He continued to approached his opponent carefully – just because she was disarmed didn't mean she wasn't dangerous – until he was almost in arms reach.

"Harry! Harry! You do _not_ want to make me angry, Potter! Did you not hear me? I... I swear, if you don't let me down now..."

Grabbing her by the arm (which was admittedly a bit awkward because she was hanging upside down in the air) Harry spun his incapacitated victim around until she hung face to face with him, and smiling broadly, pressed his lips to hers. From underneath their kiss, Harry could have sworn he heard the words 'let me down' and 'bastard', but they sounded more or less like: "Mfffph Mff Mmm. Mffdph." when he ignored what he expected she was saying.

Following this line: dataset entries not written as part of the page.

text \<open>Chernoff bound for a uniformly random subset, by the exponential moment method with
  weight \<open>exp (l * (c - card T))\<close>, where \<open>c = card K / 2 - s\<close> and \<open>l = 4 s / card K\<close>.\<close>
lemma card_small_subsets_le:
  assumes "finite K" "K \<noteq> {}" "s \<ge> 0"
  shows "real (card {T \<in> Pow K. real (card T) < real (card K) / 2 - s})
           \<le> 2 ^ card K * exp (- 2 * s\<^sup>2 / real (card K))"
proof -
  define m where "m = real (card K)"
  have m: "m > 0" using assms by (simp add: m_def card_gt_0_iff)
  define l where "l = 4 * s / m"
  define c where "c = m / 2 - s"
  have l: "l \<ge> 0" using m assms by (simp add: l_def)
  have "real (card {T \<in> Pow K. real (card T) < c}) = (\<Sum>T\<in>{T \<in> Pow K. real (card T) < c}. 1)"
    by simp
  also have "\<dots> \<le> (\<Sum>T\<in>{T \<in> Pow K. real (card T) < c}. exp (l * (c - card T)))"
    using l by (intro sum_mono) auto
  also have "\<dots> \<le> (\<Sum>T\<in>Pow K. exp (l * (c - card T)))"
    using assms by (intro sum_mono2) auto
  also have "\<dots> = (\<Sum>T\<in>Pow K. exp (l * c) * exp (- l) ^ card T)"
    by (intro sum.cong refl) (simp add: algebra_simps flip: exp_add exp_of_nat_mult)
  also have "\<dots> = exp (l * c) * (exp (- l) + 1) ^ card K"
    by (simp add: sum_distrib_left[symmetric] sum_power_card_Pow assms)
  also have "\<dots> \<le> exp (l * c) * (2 * exp (l\<^sup>2 / 8 - l / 2)) ^ card K"
    using one_plus_exp_minus_le[OF l] by (intro mult_left_mono power_mono) (auto simp: add.commute)
  also have "\<dots> = 2 ^ card K * exp (l * c + m * (l\<^sup>2 / 8 - l / 2))"
    by (simp add: m_def power_mult_distrib exp_add flip: exp_of_nat_mult)
  also have "l * c + m * (l\<^sup>2 / 8 - l / 2) = - 2 * s\<^sup>2 / m"
    using m by (simp add: l_def c_def field_simps power2_eq_square)
  finally show ?thesis by (simp add: c_def m_def)
qed
lemma exh_norm_mono_ult_basic:
  assumes "submeasure \<phi>" and "is_ideal (Exh \<phi>)"
    and "ult_basic (Exh \<phi>) A \<subseteq> ult_basic (Exh \<phi>) B"
  shows "exh_norm \<phi> A \<le> exh_norm \<phi> B"
  using assms by (intro exh_norm_le_if_diff_in_Exh diff_in_ideal_if_ult_basic_subset)

definition inner_capacity :: "(nat set \<Rightarrow> ennreal) \<Rightarrow> nat set set set \<Rightarrow> ennreal" where
  "inner_capacity \<phi> S = (SUP A \<in> {A. ult_basic (Exh \<phi>) A \<subseteq> S}. exh_norm \<phi> A)"

lemma inner_capacity_mono: "S \<subseteq> T \<Longrightarrow> inner_capacity \<phi> S \<le> inner_capacity \<phi> T"
  unfolding inner_capacity_def by (rule SUP_subset_mono) auto

lemma inner_capacity_le_exh_norm_UNIV:
  "submeasure \<phi> \<Longrightarrow> inner_capacity \<phi> S \<le> exh_norm \<phi> UNIV"
  unfolding inner_capacity_def by (intro SUP_least exh_norm_mono) auto

lemma inner_capacity_ult_basic:
  assumes "submeasure \<phi>" and "is_ideal (Exh \<phi>)"
  shows "inner_capacity \<phi> (ult_basic (Exh \<phi>) A) = exh_norm \<phi> A"
  unfolding inner_capacity_def
  by (intro antisym SUP_least SUP_upper exh_norm_mono_ult_basic[OF assms]) auto

lemma inner_capacity_empty:
  assumes "is_ideal (Exh \<phi>)"
  shows "inner_capacity \<phi> {} = 0"
proof -
  have "ult_basic (Exh \<phi>) {} = {}"
    unfolding ult_basic_def Ult_def ultrafilter_on_nat_def by auto
  then have "A \<in> Exh \<phi>" if "ult_basic (Exh \<phi>) A \<subseteq> {}" for A
    using diff_in_ideal_if_ult_basic_subset[OF assms, of A "{}"] that by simp
  then show ?thesis unfolding inner_capacity_def Exh_def by (simp add: SUP_constant bot_ennreal)
qed
(* Let $\mathbf{X}\sim\mathcal{MMN}_p(\mathbf{0},\overline{\mathbf{\Omega}},\boldsymbol{\delta};H)$, i.e. $\mathbf{X}=\boldsymbol{\delta}U+\mathbf{Z}$ with $\mathbf{Z}\sim\mathcal{N}_p(\mathbf{0},\mathbf{\Sigma}_{\mathbf{X}})$ independent of $U\sim H$, where $\mathbf{\Sigma}_{\mathbf{X}}=\overline{\mathbf{\Omega}}-\boldsymbol{\delta}\boldsymbol{\delta}^\top$, and assume the moment generating function $M_U$ of $U$ is finite in a neighbourhood of $0$. Then, with $\mathrm{E}(U^k)=M_U^{(k)}(0)$, $$M_1(\mathbf{X})=\mathrm{E}[U]\boldsymbol{\delta},\qquad M_2(\mathbf{X})=\mathbf{\Sigma}_{\mathbf{X}}+\mathrm{E}[U^2](\boldsymbol{\delta}\otimes\boldsymbol{\delta}^\top),$$ $$M_3(\mathbf{X})=\mathrm{E}[U]\{\boldsymbol{\delta}\otimes\mathbf{\Sigma}_{\mathbf{X}}+\mathrm{vec}(\mathbf{\Sigma}_{\mathbf{X}})\boldsymbol{\delta}^\top+(\mathbf{I}_p\otimes\boldsymbol{\delta})\mathbf{\Sigma}_{\mathbf{X}}\}+\mathrm{E}[U^3](\mathbf{I}_p\otimes\boldsymbol{\delta})(\boldsymbol{\delta}\otimes\boldsymbol{\delta}^\top),$$ $$\begin{aligned}M_4(\mathbf{X})={}&(\mathbf{I}_{p^2}+\mathbf{U}_{p,p})(\mathbf{\Sigma}_{\mathbf{X}}\otimes\mathbf{\Sigma}_{\mathbf{X}})+\mathrm{vec}(\mathbf{\Sigma}_{\mathbf{X}})(\mathrm{vec}(\mathbf{\Sigma}_{\mathbf{X}}))^\top\\&+\mathrm{E}[U^2]\big[\boldsymbol{\delta}\otimes\boldsymbol{\delta}^\top\otimes\mathbf{\Sigma}_{\mathbf{X}}+\boldsymbol{\delta}\otimes\mathbf{\Sigma}_{\mathbf{X}}\otimes\boldsymbol{\delta}^\top+\mathbf{\Sigma}_{\mathbf{X}}\otimes\boldsymbol{\delta}\otimes\boldsymbol{\delta}^\top+\boldsymbol{\delta}^\top\otimes\mathbf{\Sigma}_{\mathbf{X}}\otimes\boldsymbol{\delta}\\&\qquad+\boldsymbol{\delta}^\top\otimes\mathrm{vec}(\mathbf{\Sigma}_{\mathbf{X}})\otimes\boldsymbol{\delta}^\top+(\boldsymbol{\delta}\otimes\boldsymbol{\delta})(\mathrm{vec}(\mathbf{\Sigma}_{\mathbf{X}}))^\top\big]+\mathrm{E}[U^4]\,\boldsymbol{\delta}\boldsymbol{\delta}^\top\otimes\boldsymbol{\delta}\boldsymbol{\delta}^\top.\end{aligned}$$
   Context: $\overline{\mathbf{\Omega}}$ is a $p\times p$ correlation matrix, $\boldsymbol{\delta}\in\mathbb{R}^p$ with $\overline{\mathbf{\Omega}}-\boldsymbol{\delta}\boldsymbol{\delta}^\top$ positive definite, $U$ a real random variable with CDF $H$. For a random vector $\mathbf{X}$ the moments are defined by $M_1(\mathbf{X})=\mathrm{E}(\mathbf{X})$, $M_2(\mathbf{X})=\mathrm{E}(\mathbf{X}\otimes\mathbf{X}^\top)=\mathrm{E}(\mathbf{X}\mathbf{X}^\top)$, $M_3(\mathbf{X})=\mathrm{E}(\mathbf{X}\otimes\mathbf{X}^\top\otimes\mathbf{X})$ (a $p^2\times p$ matrix), $M_4(\mathbf{X})=\mathrm{E}(\mathbf{X}\mathbf{X}^\top\otimes\mathbf{X}\mathbf{X}^\top)$ (a $p^2\times p^2$ matrix). $\otimes$ is the Kronecker product, $\mathrm{vec}(\mathbf{A})$ stacks the columns of $\mathbf{A}$ into one column vector, and $\mathbf{U}_{p,p}$ is the $p^2\times p^2$ commutation matrix (satisfying $\mathbf{U}_{p,p}\mathrm{vec}(\mathbf{A})=\mathrm{vec}(\mathbf{A}^\top)$ for $p\times p$ matrices $\mathbf{A}$). $M_U^{(k)}$ denotes the $k$-th derivative of $M_U(t)=\mathrm{E}[e^{tU}]$. *)

theory Defs
  imports "HOL-Probability.Probability" "Jordan_Normal_Form.Matrix"
begin
lemma cos_int_multiple_pi_div_eq_zero:
  fixes k :: int
  assumes "n > 0" "cos (of_int k * pi / real n) = 0"
  obtains j where "odd j" "2 * k = j * int n"
proof -
  obtain j where "odd j" and j: "of_int k * pi / real n = of_int j * (pi / 2)"
    using assms(2) cos_zero_iff_int by metis
  then have "pi * of_int (2 * k) = pi * of_int (j * int n)"
    using assms(1) by (simp add: field_simps)
  then have "real_of_int (2 * k) = real_of_int (j * int n)" by simp
  then have "2 * k = j * int n" by (simp only: of_int_eq_iff)
  with \<open>odd j\<close> show thesis by (rule that)
qed

lemma ext_eff_even_inner_ne_one:
  assumes "even n" "n \<ge> 6" and b: "(b = 1 \<and> n mod 4 = 2) \<or> (b = 2 \<and> n mod 4 = 0)"
  shows "ext_eff n i \<bullet> (pure_state n 0 + pure_state n b) \<noteq> 1"
proof
  define k where "k = 2 * int i - 1 - int b"
  assume "ext_eff n i \<bullet> (pure_state n 0 + pure_state n b) = 1"
  then have "(rn n)\<^sup>2 * cos (real b * pi / real n) * cos (of_int k * pi / real n) = 0"
    using assms(1) by (simp add: ext_eff_even_inner_pair k_def)
  moreover have "cos (real b * pi / real n) > 0"
  proof (rule cos_gt_zero_pi)
    have "real b * pi / real n \<le> 2 * pi / real n" using b by (intro divide_right_mono) auto
    also have "\<dots> \<le> 2 * pi / 6" using assms(2) by (intro divide_left_mono) auto
    finally have "real b * pi / real n \<le> 2 * pi / 6" .
    moreover have "0 \<le> real b * pi / real n" by simp
    ultimately show "-(pi / 2) < real b * pi / real n" "real b * pi / real n < pi / 2"
      using pi_gt_zero by linarith+
  qed
  ultimately have "cos (of_int k * pi / real n) = 0"
    using rn_pos[of n] assms(2) by simp
  then obtain j where "odd j" "2 * k = j * int n"
    using assms(2) cos_int_multiple_pi_div_eq_zero[of n k] by auto
  then have "(2 * k) mod 4 = ((j mod 4) * int (n mod 4)) mod 4"
    by (simp add: mod_mult_eq zmod_int)
  with b \<open>odd j\<close> show False
    unfolding k_def by (elim disjE conjE) (simp_all, presburger+)
qed
lemma F_summable: "summable_fam le (grp_carrier n) F (Hn n)"
  unfolding summable_fam_def
proof (intro conjI allI)
  let ?U = "setsum (fmap n gs B ` supp Phi) ((\<lambda>m. (m, \<lambda>_::nat. 0::int)) ` finite_sums S)"
  have "fmap n gs B x \<in> grp_carrier n" for x
    unfolding grp_carrier_iff fmap_def Hn_def brow_def by simp
  then have fmap_C: "fmap n gs B ` supp Phi \<subseteq> grp_carrier n" by blast
  have M_C: "(\<lambda>m. (m, \<lambda>_::nat. 0::int)) ` finite_sums S \<subseteq> grp_carrier n"
    using in_grp_carrier[OF Hn_zero] by blast
  have "(\<lambda>i. init_exp (leG le) (a i)) = gs" by (simp add: fun_eq_iff gs_def)
  then have "well_ordered_on (\<lambda>x y. le (fmap n gs B x) (fmap n gs B y)) (supp Phi)"
    using Phi_MN unfolding MN_def le_f_def by simp
  then have "well_ordered_on le (fmap n gs B ` supp Phi)" by (rule well_ordered_on_image)
  moreover have "well_ordered_on le ((\<lambda>m. (m, \<lambda>_::nat. 0::int)) ` finite_sums S)"
    using well_ordered_on_exponent_image[OF Hn_zero] G.well_ordered_on_finite_sums S_wo_pos by blast
  ultimately have "well_ordered_on le ?U" using GH.well_ordered_on_setsum fmap_C M_C by blast
  moreover have "(\<Union>k\<in>Hn n. supp (F k)) \<subseteq> ?U" using supp_F(2) by blast
  ultimately show "well_ordered_on le (\<Union>k\<in>Hn n. supp (F k))" using well_ordered_on_subset by blast
  show "(\<Union>k\<in>Hn n. supp (F k)) \<subseteq> grp_carrier n"
    using supp_F(2) GH.setsum_in[OF fmap_C M_C] by blast
  fix c
  have "{k \<in> Hn n. F k c \<noteq> 0} \<subseteq> K -` {snd c} \<inter> Hn n"
    using supp_F(1) unfolding supp_def by fastforce
  then show "finite {k \<in> Hn n. F k c \<noteq> 0}"
    using finite_vimage_IntI[OF _ inj_on_K] finite_subset by blast
qed

lemma F_zero: "F (\<lambda>_. 0) = embG (coeffx Phi (\<lambda>_. 0))"
proof -
  have "sprod (\<lambda>i. sone :: 'g grp \<Rightarrow> 'k) m = sone" for m
    by (induction m) (simp_all add: sone_eq_xmono smult_xmono conv_delta)
  then show ?thesis unfolding F_def sipow_def by (simp add: embG_eq_xmono sone_eq_xmono smult_xmono conv_delta)
qed

text \<open>Only \<open>k = 0\<close> contributes to \<open>x\<^sup>0\<close>, since \<open>F k\<close> lives in degree \<open>K k\<close> and \<open>K\<close> is injective.\<close>

lemma CT_x_sum_F: "CT_x (sum_fam F (Hn n)) = CT_f Phi"
proof
  fix g
  have "{k \<in> Hn n. F k (g, \<lambda>_. 0) \<noteq> 0} \<subseteq> {\<lambda>_. 0}"
  proof
    fix k assume k: "k \<in> {k \<in> Hn n. F k (g, \<lambda>_. 0) \<noteq> 0}"
    then have "K k = K (\<lambda>_. 0)" using supp_F(1)[of "(g, \<lambda>_. 0)" k] unfolding supp_def K_def by auto
    then show "k \<in> {\<lambda>_. 0}" using inj_on_K k Hn_zero unfolding inj_on_def by blast
  qed
  moreover have "F (\<lambda>_. 0) (g, \<lambda>_. 0) = Phi (g, \<lambda>_. 0)"
    unfolding F_zero embG_def coeffx_def by simp
  ultimately have "{k \<in> Hn n. F k (g, \<lambda>_. 0) \<noteq> 0} = (if Phi (g, \<lambda>_. 0) = 0 then {} else {\<lambda>_. 0})"
    using Hn_zero by auto
  then show "CT_x (sum_fam F (Hn n)) g = CT_f Phi g"
    unfolding CT_x_def CT_f_def coeffx_def sum_fam_def using F_zero
    by (simp add: embG_def coeffx_def)
qed

end

theorem mainTheorem12:
  fixes n :: nat
    and le :: "('g::ab_group_add) grp \<Rightarrow> 'g grp \<Rightarrow> bool"
    and a :: "nat \<Rightarrow> 'g \<Rightarrow> 'k::field"
    and B :: "nat \<Rightarrow> nat \<Rightarrow> int"
    and Phi :: "'g grp \<Rightarrow> 'k"
  assumes ord: "ordered_group_on (grp_carrier n) le"
    and a_MN: "\<forall>i<n. a i \<in> MN (leG le) UNIV"
    and a_nz: "\<forall>i<n. a i \<noteq> (\<lambda>_. 0)"
    and detB: "det_n n B \<noteq> 0"
    and Phi_MN: "Phi \<in> MN (le_f le n (\<lambda>i. init_exp (leG le) (a i)) B) (grp_carrier n)"
  shows "let f = (\<lambda>i. xmono (a i) (brow n B i));
             F = (\<lambda>k. smult (embG (coeffx Phi k))
                        (sprod (\<lambda>i. sipow le (grp_carrier n) (f i) (k i)) n))
         in summable_fam le (grp_carrier n) F (Hn n)
            \<and> CT_x (sum_fam F (Hn n)) = CT_f Phi
            \<and> CT_f Phi = coeffx Phi (\<lambda>_. 0)"
proof -
  interpret monomial_substitution n le a B Phi
    by unfold_locales (use assms in auto)
  have "f = (\<lambda>i. xmono (a i) (brow n B i))" by (simp add: fun_eq_iff f_def)
  moreover have "F = (\<lambda>k. smult (embG (coeffx Phi k)) (sprod (\<lambda>i. sipow le (grp_carrier n) (f i) (k i)) n))"
    by (simp add: fun_eq_iff F_def)
  ultimately show ?thesis
    unfolding Let_def using F_summable CT_x_sum_F by (simp add: CT_f_def)
qed

end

Despite himself, he smiled. Eventually, as interesting as the sensation of kissing somebody upside down was, both of them needed air, and Harry broke away, stepping back a little to ensure that he wouldn't find himself caught in any sort of flailing.

And flailing did ensue.

"Harry James Potter!" She cried. "If you do not let me down this minute you will never get to do that again, upside down or no!"

"Ginny?" asked Harry – suddenly struck with an impulse he felt he might end up regretting in a few short moments. All he knew was that hanging there flustered and angry had somehow managed to capture Ginny's beauty perfectly in Harry's mind.

"What!?" she screamed, her flailing increasing in intensity. "What could you possibly want _right now_, while I hang here upside down with blood rushing in my ears?"

Harry gulped. He was about to cross the point of no return. Some disjointed part of his brain realised that in the back of his head he was screaming at himself, _What on earth do you think you're doing?_, but he carried on nonetheless.

"Ginerva?" He mumbled, a nervous smile breaking out on his face as his mind attempted to derail this most foolish of plans. _She's upside down, for God's sake! _It called, but he ignored everything he was thinking, ploughing on regardless. Later, Harry would reflect that the moment had just seemed right.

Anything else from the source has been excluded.